GMO does that quarter after quarter, with no-nonsense projections.
As of March 31, their 7-Year Asset Class Real Return Forecast is as follows.
Serious Question for Pension Plans
Given pension plan assumptions of 7-8% annualized returns how many of them can survive negative returns for seven years? It’s important to note that GMO is talking about “real” inflation-adjusted returns with an assumption of mean-reversion inflation to 2.2% over 15 years.
Still, that leaves US equities at zero to -1% returns and US bonds at negative 2.4% returns.
Even if GMO is wrong by say 3%, many pension plans will be in deep serious trouble at those returns.
Illinois Pension Plans
I keep harping about this issue, but it’s an important one. In the state of Illinois, and in spite of an enormous rally in the stock market since 2009, Illinois pension plans are only 39% funded.
A “Special Pension Briefing” last November, shows the Illinois State Retirement Systems are in dismal shape.
- Teachers’ Retirement System (TRS): $61.6 Billion
- State Retirement Systems (SERS): $61.6 Billion
- State Universities Retirement System (SURS): $21.6 Billion
- Judicial Retirement System (JRS): $1.5 Billion
- General Assembly Retirement System (GARS): $0.3 Billion
The above numbers show actuarial (smoothed) asset valuations.
Liability Trends – Not Smoothed
In spite of the massive stock market rally, Illinois liabilities increased every year since 2011.
For still more details, please see Illinois Pension Plans 39% Funded; Taxpayers On the Hook for $105 Billion in Liabilities; It Will Get Worse!.
Any notion that pension shortfalls can be balanced on the backs of Illinois taxpayers needs to vanish now.
How did Illinois plans became so underfunded?
In general, by promising far more than can possibly be delivered.
Illinois State Pensions – Summary of Liabilities and Unfunded Ratios
Congratulations go to the Illinois General Assembly Retirement System (GARS) for having one of the worst, (if not the worst) pension plan in the entire nation.
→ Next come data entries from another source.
(* Let $0<p<1$ and let $P_1,\ldots,P_n,Q\in\mathbb{R}^n$ with $P_1,\ldots,P_n$ linearly independent. If $M\in p\text{-conv}\{P_1,\ldots,P_n,Q,0\}$, then there exist $P_{i_1},\ldots,P_{i_n}\in\{P_1,\ldots,P_n,Q\}$ such that $M\in p\text{-conv}\{P_{i_1},\ldots,P_{i_n},0\}$.
   Context: Let $0<p<1$. A set $B\subseteq \mathbb{R}^n$ is called $p$-convex if $\lambda x+\mu y\in B$ whenever $x,y\in B$ and $\lambda,\mu\ge 0$ with $\lambda^p+\mu^p=1$. For $A\subseteq \mathbb{R}^n$, the $p$-convex hull $p\text{-conv}(A)$ is the intersection of all $p$-convex subsets of $\mathbb{R}^n$ containing $A$. *)

theory Defs
  imports "HOL-Analysis.Analysis"
begin

definition p_convex :: "real \<Rightarrow> ('a::real_vector) set \<Rightarrow> bool" where
  "p_convex p B \<longleftrightarrow>
     (\<forall>x\<in>B. \<forall>y\<in>B. \<forall>a b. a \<ge> 0 \<and> b \<ge> 0 \<and> a powr p + b powr p = 1
        \<longrightarrow> a *\<^sub>R x + b *\<^sub>R y \<in> B)"

definition p_conv :: "real \<Rightarrow> ('a::real_vector) set \<Rightarrow> 'a set" where
  "p_conv p A = \<Inter>{B. p_convex p B \<and> A \<subseteq> B}"

end

theory Submission
  imports Defs
begin

(* Every point of p-conv {0, R_1, ..., R_m} is a combination sum c_i R_i with c_i >= 0 and
   sum c_i^p <= 1: such combinations form a p-convex set because t -> t^p is subadditive, and
   any p-convex set containing 0 and the R_i contains them. The n + 1 vectors P_1, ..., P_n, Q
   satisfy a nontrivial linear relation sum q_i R_i = 0, so M = sum (c_i - t q_i) R_i for every
   real t. On the interval of those t for which all coefficients stay nonnegative the function
   t -> sum (c_i - t q_i)^p is concave, hence at one endpoint of the interval it is at most its
   value at t = 0; there some coefficient vanishes and its generator can be dropped. *)

lemma powr_mult_powr_le:
  fixes x y p :: real
  assumes "0 \<le> x" "0 \<le> y" "0 \<le> p" "p \<le> 1"
  shows "x powr p * y powr (1 - p) \<le> p * x + (1 - p) * y"
proof (cases "x = 0 \<or> y = 0")
  case True
  then show ?thesis using assms by auto
next
  case False
  then show ?thesis using assms by (intro Youngs_inequality_0) auto
qed
definition dirU :: "'h::finite \<Rightarrow> 'd::finite \<Rightarrow> ('k::finite,'h,'d) param" where
  "dirU a b = (0, axis a (axis b 1))"

definition C2_on :: "'a::euclidean_space set \<Rightarrow> ('a \<Rightarrow> real) \<Rightarrow> bool" where
  "C2_on S g \<longleftrightarrow>
     (\<forall>th\<in>S. g differentiable (at th)) \<and>
     (\<forall>v\<in>Basis. \<forall>th\<in>S. (\<lambda>eta. pd g eta v) differentiable (at th)) \<and>
     (\<forall>v1\<in>Basis. \<forall>v2\<in>Basis. continuous_on S (\<lambda>th. pd2 g th v1 v2))"

definition CE_loss :: "'k::finite \<Rightarrow> ('k \<Rightarrow> real) \<Rightarrow> real" where
  "CE_loss yk z = - z yk + ln (\<Sum>j\<in>UNIV. exp (z j))"

definition Phi :: "('k::finite \<Rightarrow> real^'d \<Rightarrow> ('k,'h::finite,'d::finite) param \<Rightarrow> real)
      \<Rightarrow> (nat \<Rightarrow> real^'d) \<Rightarrow> (nat \<Rightarrow> 'k) \<Rightarrow> nat \<Rightarrow> real \<Rightarrow> ('k,'h,'d) param \<Rightarrow> real" where
  "Phi f x y n \<epsilon> th =
     (1 / real n) * (\<Sum>i<n. - CE_loss (y i) (\<lambda>r. f r (x i) th) + (\<Sum>r\<in>UNIV. f r (x i) th))
     + \<epsilon> * ((\<Sum>r\<in>UNIV. \<Sum>l\<in>UNIV. fst th $ r $ l) + (\<Sum>l\<in>UNIV. \<Sum>m\<in>UNIV. snd th $ l $ m))"

definition psi :: "real \<Rightarrow> real \<Rightarrow> real" where
  "psi p z = sgn z * \<bar>z\<bar> powr (p - 1)"

definition hconj :: "real \<Rightarrow> real" where
  "hconj p = p / (p - 1)"

definition pnorm_row :: "real \<Rightarrow> real^'h::finite \<Rightarrow> real" where
  "pnorm_row p v = (\<Sum>j\<in>UNIV. \<bar>v $ j\<bar> powr p) powr (1 / p)"

definition pnorm_mat :: "real \<Rightarrow> real^'d::finite^'h::finite \<Rightarrow> real" where
  "pnorm_mat p u = (\<Sum>a\<in>UNIV. \<Sum>b\<in>UNIV. \<bar>u $ a $ b\<bar> powr p) powr (1 / p)"

definition Bpp :: "real \<Rightarrow> real \<Rightarrow> real \<Rightarrow> real \<Rightarrow> ('k::finite,'h::finite,'d::finite) param set" where
  "Bpp pw pu \<rho>w \<rho>u = {th. (\<forall>r l. fst th $ r $ l > 0) \<and> (\<forall>a b. snd th $ a $ b > 0) \<and>
      pnorm_mat pu (snd th) \<le> \<rho>u \<and> (\<forall>i. pnorm_row pw (fst th $ i) \<le> \<rho>w)}"

definition denomW :: "real \<Rightarrow> (('k::finite,'h::finite,'d::finite) param \<Rightarrow> real) \<Rightarrow> 'k \<Rightarrow> ('k,'h,'d) param \<Rightarrow> real" where
  "denomW pw \<Phi> i th = pnorm_row pw (\<chi> t. psi (hconj pw) (pd \<Phi> th (dirW i t)))"

definition denomU :: "real \<Rightarrow> (('k::finite,'h::finite,'d::finite) param \<Rightarrow> real) \<Rightarrow> ('k,'h,'d) param \<Rightarrow> real" where
  "denomU pu \<Phi> th = pnorm_mat pu (\<chi> a b. psi (hconj pu) (pd \<Phi> th (dirU a b)))"

definition GW :: "real \<Rightarrow> real \<Rightarrow> (('k::finite,'h::finite,'d::finite) param \<Rightarrow> real) \<Rightarrow> 'k \<Rightarrow> 'h \<Rightarrow> ('k,'h,'d) param \<Rightarrow> real" where
  "GW pw \<rho>w \<Phi> i j th = \<rho>w * psi (hconj pw) (pd \<Phi> th (dirW i j)) / denomW pw \<Phi> i th"

definition GU :: "real \<Rightarrow> real \<Rightarrow> (('k::finite,'h::finite,'d::finite) param \<Rightarrow> real) \<Rightarrow> 'h \<Rightarrow> 'd \<Rightarrow> ('k,'h,'d) param \<Rightarrow> real" where
  "GU pu \<rho>u \<Phi> a b th = \<rho>u * psi (hconj pu) (pd \<Phi> th (dirU a b)) / denomU pu \<Phi> th"

text \<open>The matrix A in R^{(K+1)x(K+1)}, rows/columns indexed by 'k option
  (Some i = index i in [K], None = index K+1):
  A = 2 diag(pw'-1,...,pw'-1,pu'-1) * Blk.\<close>
definition Amat :: "real \<Rightarrow> real \<Rightarrow> real \<Rightarrow> real \<Rightarrow> real \<Rightarrow> real \<Rightarrow> real \<Rightarrow> real \<Rightarrow>
    'k option \<Rightarrow> 'k option \<Rightarrow> real" where
  "Amat pw pu Cw Cu Mww Mwu Muw Muu i k =
     2 * (case i of Some _ \<Rightarrow> hconj pw - 1 | None \<Rightarrow> hconj pu - 1) *
     (case (i, k) of
        (Some _, Some _) \<Rightarrow> 2 * Cw + Mww
      | (Some _, None) \<Rightarrow> 2 * Cu + Mwu
      | (None, Some _) \<Rightarrow> 2 * Cw + Muw
      | (None, None) \<Rightarrow> 2 * Cu + Muu)"

end

theory Submission
  imports Defs
begin

text \<open>
  Fix a block of coordinates (a row of w, or u) and let g t > 0 be the partial derivatives of
  Phi in that block. On positive arguments psi q z = z powr (q - 1) with q = p', so a
  component of F is rho * g j powr (q - 1) / (sum t. g t powr q) powr (1/p), and its logarithmic
  derivative is (q - 1) * (dg j / g j - sum t. pi t * dg t / g t) for the probability weights
  pi t = g t powr q / (sum u. g u powr q). It therefore suffices that the weighted absolute
  derivatives of every g t are at most (2 C + M) * g t.

  Now g t = 1/n * sum l r. c r * df r + eps, with c = e_y + 1 - softmax f >= 0, so g t >= eps.
  Differentiating once more produces second derivatives of f, bounded by the M constants after
  Schwarz's theorem, and derivatives of the softmax; the weighted deviation of df from its
  softmax mean is at most 2 C (1 - softmax r), which is absorbed by c r >= 1 - softmax r.
\<close>

section \<open>Partial derivatives and Schwarz's theorem\<close>

lemma pd_eq: "(g has_derivative g') (at th) \<Longrightarrow> pd g th v = g' v"
  unfolding pd_def using frechet_derivative_at by metis

lemma has_derivative_pd:
  "g differentiable (at th) \<Longrightarrow> (g has_derivative pd g th) (at th)"
  unfolding pd_def[abs_def] by (rule frechet_derivative_works[THEN iffD1])

lemma has_real_derivative_along_line:
  assumes "h differentiable (at (p + s *\<^sub>R v))"
  shows "((\<lambda>s. h (p + s *\<^sub>R v)) has_real_derivative pd h (p + s *\<^sub>R v) v) (at s)"
proof -
  have line: "((\<lambda>t. p + t *\<^sub>R v) has_derivative (\<lambda>t. t *\<^sub>R v)) (at s)"
    by (auto intro!: derivative_eq_intros)
  have "((\<lambda>t. h (p + t *\<^sub>R v)) has_derivative (\<lambda>t. pd h (p + s *\<^sub>R v) (t *\<^sub>R v))) (at s)"
    using has_derivative_compose[OF line has_derivative_pd[OF assms]] by simp
  moreover have "(\<lambda>t. pd h (p + s *\<^sub>R v) (t *\<^sub>R v)) = (*) (pd h (p + s *\<^sub>R v) v)"
    using linear_scale[OF has_derivative_linear[OF has_derivative_pd[OF assms]]]
    by (auto simp: mult.commute)
  ultimately show ?thesis unfolding has_field_derivative_def by simp
qed

lemma second_difference_mean_value:
  fixes g :: "'a::real_normed_vector \<Rightarrow> real"
  assumes dif: "\<forall>\<eta>\<in>S. g differentiable (at \<eta>)"
    and dif1: "\<forall>\<eta>\<in>S. (\<lambda>\<eta>. pd g \<eta> v1) differentiable (at \<eta>)"
    and st: "s > 0" "t > 0"
    and box: "\<And>\<sigma> \<tau>. 0 \<le> \<sigma> \<Longrightarrow> \<sigma> \<le> s \<Longrightarrow> 0 \<le> \<tau> \<Longrightarrow> \<tau> \<le> t \<Longrightarrow> x + \<sigma> *\<^sub>R v1 + \<tau> *\<^sub>R v2 \<in> S"
  shows "\<exists>\<sigma> \<tau>. 0 < \<sigma> \<and> \<sigma> < s \<and> 0 < \<tau> \<and> \<tau> < t \<and>
    g (x + s *\<^sub>R v1 + t *\<^sub>R v2) - g (x + s *\<^sub>R v1) - g (x + t *\<^sub>R v2) + g x
      = s * t * pd2 g (x + \<sigma> *\<^sub>R v1 + \<tau> *\<^sub>R v2) v1 v2"
proof -
  define \<phi> where "\<phi> \<sigma> = g ((x + t *\<^sub>R v2) + \<sigma> *\<^sub>R v1) - g (x + \<sigma> *\<^sub>R v1)" for \<sigma>
  have "\<exists>z. 0 < z \<and> z < s \<and> \<phi> s - \<phi> 0 = (s - 0) *
      (pd g ((x + t *\<^sub>R v2) + z *\<^sub>R v1) v1 - pd g (x + z *\<^sub>R v1) v1)"
  proof (rule MVT2[OF st(1)])
    fix z assume z: "0 \<le> z" "z \<le> s"
    have "(x + t *\<^sub>R v2) + z *\<^sub>R v1 \<in> S" "x + z *\<^sub>R v1 \<in> S"
      using box[of z t] box[of z 0] z st by (simp_all add: algebra_simps)
    then show "DERIV \<phi> z :> pd g ((x + t *\<^sub>R v2) + z *\<^sub>R v1) v1 - pd g (x + z *\<^sub>R v1) v1"
      unfolding \<phi>_def using dif by (intro DERIV_diff has_real_derivative_along_line) auto
  qed
  then obtain \<sigma> where \<sigma>: "0 < \<sigma>" "\<sigma> < s" and \<phi>_diff: "\<phi> s - \<phi> 0 = s *
      (pd g ((x + t *\<^sub>R v2) + \<sigma> *\<^sub>R v1) v1 - pd g (x + \<sigma> *\<^sub>R v1) v1)" by auto
  define \<psi> where "\<psi> \<tau> = pd g ((x + \<sigma> *\<^sub>R v1) + \<tau> *\<^sub>R v2) v1" for \<tau>
  have "\<exists>z. 0 < z \<and> z < t \<and> \<psi> t - \<psi> 0 = (t - 0) *
      pd (\<lambda>\<eta>. pd g \<eta> v1) ((x + \<sigma> *\<^sub>R v1) + z *\<^sub>R v2) v2"
  proof (rule MVT2[OF st(2)])
    fix z assume "0 \<le> z" "z \<le> t"
    then have "(x + \<sigma> *\<^sub>R v1) + z *\<^sub>R v2 \<in> S" using box[of \<sigma> z] \<sigma> by simp
    then show "DERIV \<psi> z :> pd (\<lambda>\<eta>. pd g \<eta> v1) ((x + \<sigma> *\<^sub>R v1) + z *\<^sub>R v2) v2"
      unfolding \<psi>_def using dif1 by (intro has_real_derivative_along_line) auto
  qed
  then obtain \<tau> where \<tau>: "0 < \<tau>" "\<tau> < t" and \<psi>_diff: "\<psi> t - \<psi> 0 = t *
      pd (\<lambda>\<eta>. pd g \<eta> v1) ((x + \<sigma> *\<^sub>R v1) + \<tau> *\<^sub>R v2) v2" by auto
  have "g (x + s *\<^sub>R v1 + t *\<^sub>R v2) - g (x + s *\<^sub>R v1) - g (x + t *\<^sub>R v2) + g x = \<phi> s - \<phi> 0"
    unfolding \<phi>_def by (simp add: algebra_simps)
  also have "\<dots> = s * (\<psi> t - \<psi> 0)" unfolding \<phi>_diff \<psi>_def by (simp add: algebra_simps)
  also have "\<dots> = s * t * pd2 g (x + \<sigma> *\<^sub>R v1 + \<tau> *\<^sub>R v2) v1 v2"
    unfolding \<psi>_diff pd2_def by simp
  finally show ?thesis using \<sigma> \<tau> by blast
qed
(* Consider an execution of the Adaptive Algorithm. Suppose that at some point an unmatched position $p_j$ and an applicant $a_i$ interview each other and the revealed values satisfy $\epsilon^A_{ij}\ge 0$ and $\epsilon^P_{ji}\ge 0$. Then the algorithm (tentatively) matches $a_i$ and $p_j$ to each other in the next iteration, and afterwards $p_j$ interviews only applicants $a_{i'}$ with $i'<\max(i,j+1)$.
   Context: Model. Let $A=\{a_1,\dots,a_n\}$ be a set of applicants and $P=\{p_1,\dots,p_n\}$ a set of positions. Each applicant $a_i$ has a publicly known value $u_i\in\mathbb R$ and each position $p_j$ a publicly known value $v_j\in\mathbb R$, indexed so that $u_1\ge u_2\ge\dots\ge u_n$ and $v_1\ge v_2\ge\dots\ge v_n$. The random variables $\epsilon^A_{ij}$, $\epsilon^P_{ji}$ ($i,j\in[n]$) are mutually independent and identically distributed according to a known distribution symmetric about $0$ (mean zero). The utility of $a_i$ for $p_j$ is $v_j+\epsilon^A_{ij}$ and the utility of $p_j$ for $a_i$ is $u_i+\epsilon^P_{ji}$; the values $\epsilon^A_{ij},\epsilon^P_{ji}$ become known only when $a_i$ and $p_j$ interview each other. The observed utility $v^o_{ij}$ of $a_i$ for $p_j$ equals $v_j+\epsilon^A_{ij}$ if $a_i,p_j$ have interviewed and $v_j$ otherwise; $u^o_{ji}$ is defined symmetrically ($u_i+\epsilon^P_{ji}$ or $u_i$). Write $p_j\succ_{a_i}p_{j'}$ iff $v^o_{ij}>v^o_{ij'}$ and $a_i\succ_{p_j}a_{i'}$ iff $u^o_{ji}>u^o_{ji'}$ (ties broken in favor of the smaller index); every agent prefers any partner to being unmatched. For a matching $\mu$, $\mu(x)$ denotes the partner of $x$ ($\emptyset$ if unmatched). Adaptive Algorithm. Initially all agents are unmatched and $v^o_{ij}=v_j$, $u^o_{ji}=u_i$ for all $i,j$. For an unmatched applicant $a$, let $\beta(a)$ be $a$'s most preferred position (w.r.t. current observed utilities) that has not yet rejected $a$. While some applicant is unmatched: let $j^*$ be the smallest index such that $\beta(a_i)=p_{j^*}$ for some unmatched $a_i$; let $a_{i^*}$ be $p_{j^*}$'s favorite applicant among $\{a_i:\beta(a_i)=p_{j^*},\mu(a_i)=\emptyset\}$. If $a_{i^*},p_{j^*}$ have not interviewed and ($i^*\le j^*$ or $a_{i^*}\succ_{p_{j^*}}\mu(p_{j^*})$), then they interview and $v^o_{i^*j^*},u^o_{j^*i^*}$ are updated. Otherwise: if $\mu(p_{j^*})\succ_{p_{j^*}}a_{i^*}$, then $p_{j^*}$ rejects $a_{i^*}$; else $p_{j^*}$ rejects $\mu(p_{j^*})$ (if nonempty) and $a_{i^*},p_{j^*}$ become matched. When all applicants are matched, output $\mu$. *)

theory Defs
  imports Complex_Main
begin

text \<open>Applicants and positions are indexed 0..n-1 (the paper uses 1..n; all index
comparisons used by the algorithm and the claim are invariant under the uniform shift).\<close>

record market =
  N    :: nat                       \<comment> \<open>number of applicants = number of positions\<close>
  uA   :: "nat \<Rightarrow> real"
  vP   :: "nat \<Rightarrow> real"
  epsA :: "nat \<Rightarrow> nat \<Rightarrow> real"
  epsP :: "nat \<Rightarrow> nat \<Rightarrow> real"

record state =
  mA   :: "nat \<Rightarrow> nat option"
  intv :: "(nat \<times> nat) set"          \<comment> \<open>(i,j): a_i and p_j have interviewed\<close>
  rej  :: "(nat \<times> nat) set"          \<comment> \<open>(i,j): p_j has rejected a_i\<close>

definition vo :: "market \<Rightarrow> state \<Rightarrow> nat \<Rightarrow> nat \<Rightarrow> real" where
  "vo M s i j = vP M j + (if (i,j) \<in> intv s then epsA M i j else 0)"

definition uo :: "market \<Rightarrow> state \<Rightarrow> nat \<Rightarrow> nat \<Rightarrow> real" where
  "uo M s j i = uA M i + (if (i,j) \<in> intv s then epsP M j i else 0)"

definition prefA :: "market \<Rightarrow> state \<Rightarrow> nat \<Rightarrow> nat \<Rightarrow> nat \<Rightarrow> bool" where
  "prefA M s i j j' \<longleftrightarrow> vo M s i j > vo M s i j' \<or> (vo M s i j = vo M s i j' \<and> j < j')"

definition prefP :: "market \<Rightarrow> state \<Rightarrow> nat \<Rightarrow> nat \<Rightarrow> nat \<Rightarrow> bool" where
  "prefP M s j i i' \<longleftrightarrow> uo M s j i > uo M s j i' \<or> (uo M s j i = uo M s j i' \<and> i < i')"

definition muP :: "market \<Rightarrow> state \<Rightarrow> nat \<Rightarrow> nat option" where
  "muP M s j = (if \<exists>i < N M. mA s i = Some j
                then Some (LEAST i. i < N M \<and> mA s i = Some j) else None)"

definition unmatched :: "market \<Rightarrow> state \<Rightarrow> nat set" where
  "unmatched M s = {i. i < N M \<and> mA s i = None}"

definition beta :: "market \<Rightarrow> state \<Rightarrow> nat \<Rightarrow> nat option" where
  "beta M s i = (let C = {j. j < N M \<and> (i,j) \<notin> rej s} in
     if C = {} then None
     else Some (THE j. j \<in> C \<and> (\<forall>j'\<in>C. j' \<noteq> j \<longrightarrow> prefA M s i j j')))"

definition favP :: "market \<Rightarrow> state \<Rightarrow> nat \<Rightarrow> nat set \<Rightarrow> nat" where
  "favP M s j C = (THE i. i \<in> C \<and> (\<forall>i'\<in>C. i' \<noteq> i \<longrightarrow> prefP M s j i i'))"

datatype action = Stop | Interview nat nat | Reject nat nat | Match nat nat

definition act :: "market \<Rightarrow> state \<Rightarrow> action" where
  "act M s = (let U = unmatched M s; J = {j. \<exists>i\<in>U. beta M s i = Some j} in
     if U = {} \<or> J = {} then Stop
     else let j = (LEAST j. j \<in> J);
              C = {i \<in> U. beta M s i = Some j};
              i = favP M s j C;
              better = (case muP M s j of None \<Rightarrow> True | Some i' \<Rightarrow> prefP M s j i i');
              worse = (case muP M s j of None \<Rightarrow> False | Some i' \<Rightarrow> prefP M s j i' i)
          in if (i,j) \<notin> intv s \<and> (i \<le> j \<or> better) then Interview i j
             else if worse then Reject i j
             else Match i j)"

definition step :: "market \<Rightarrow> state \<Rightarrow> state" where
  "step M s = (case act M s of
      Stop \<Rightarrow> s
    | Interview i j \<Rightarrow> s\<lparr>intv := insert (i,j) (intv s)\<rparr>
    | Reject i j \<Rightarrow> s\<lparr>rej := insert (i,j) (rej s)\<rparr>
    | Match i j \<Rightarrow> (case muP M s j of
          None \<Rightarrow> s\<lparr>mA := (mA s)(i := Some j)\<rparr>
        | Some i' \<Rightarrow> s\<lparr>mA := (mA s)(i' := None, i := Some j),
                       rej := insert (i',j) (rej s)\<rparr>))"

definition init :: state where
  "init = \<lparr>mA = (\<lambda>_. None), intv = {}, rej = {}\<rparr>"

definition run :: "market \<Rightarrow> nat \<Rightarrow> state" where
  "run M t = (step M ^^ t) init"

end

theory Submission imports Defs begin

text \<open>Interviewing only raises the observed utilities of the pair involved when both
  noise terms are nonnegative, so after the interview \<open>p\<^sub>j\<close> is still the first choice of
  \<open>a\<^sub>i\<close> and \<open>a\<^sub>i\<close> still the favourite proposer of the unmatched \<open>p\<^sub>j\<close>: they are matched
  next. From then on \<open>p\<^sub>j\<close> always holds an applicant it values at least \<open>u\<^sub>i\<close> (ties
  broken towards indices at most \<open>i\<close>), because it only trades up and interviews never
  touch matched applicants. An applicant \<open>a\<^sub>i\<^sub>'\<close> with \<open>i' > j\<close> is interviewed only if
  his public value beats that partner, which forces \<open>u\<^sub>i\<^sub>' > u\<^sub>i\<close> or a tie with
  \<open>i' < i\<close>, hence \<open>i' < i\<close> by the sorting of the \<open>u\<close>'s.\<close>

abbreviation greatest_in :: "('a \<Rightarrow> 'a \<Rightarrow> bool) \<Rightarrow> 'a set \<Rightarrow> 'a \<Rightarrow> bool" where
  "greatest_in R C x \<equiv> x \<in> C \<and> (\<forall>y\<in>C. y \<noteq> x \<longrightarrow> R x y)"

lemma greatest_in_exists:
  assumes "finite C" "C \<noteq> {}"
    and total: "\<And>a b. a \<noteq> b \<Longrightarrow> R a b \<or> R b a"
    and trans: "\<And>a b c. R a b \<Longrightarrow> R b c \<Longrightarrow> R a c"
  shows "\<exists>x. greatest_in R C x"
  using assms(1,2)
proof (induction C rule: finite_ne_induct)
  case (singleton x)
  then show ?case by auto
next
  case (insert a F)
  then obtain x where x: "greatest_in R F x" by blast
  show ?case
  proof (cases "R a x")
    case True
    then have "greatest_in R (insert a F) a" using x trans by auto
    then show ?thesis ..
  next
    case False
    then have "greatest_in R (insert a F) x" using x total by auto
    then show ?thesis ..
  qed
qed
It is 16% funded.
No doubt, that increases the pressure of the General Assembly to put the burden of bailing out the system on the backs of Illinois taxpayers.
Pension promises were not made in good faith.
Rather, pension promises were the direct result of coercion by public unions on legislators, mayors, and other officials willing to accept bribes because they shared in the ill-gotten gains of backroom deals at taxpayer expense.
Illinois taxpayers cannot be held accountable for coercion of public officials by public unions. Fraudulent promises will be held “null and void” in any “non-stacked” court of law in the nation.
Given the 31% funding of the Illinois Judicial Pension Plan (JRS), the sorry state of Illinois pensions is likely headed to federal courts.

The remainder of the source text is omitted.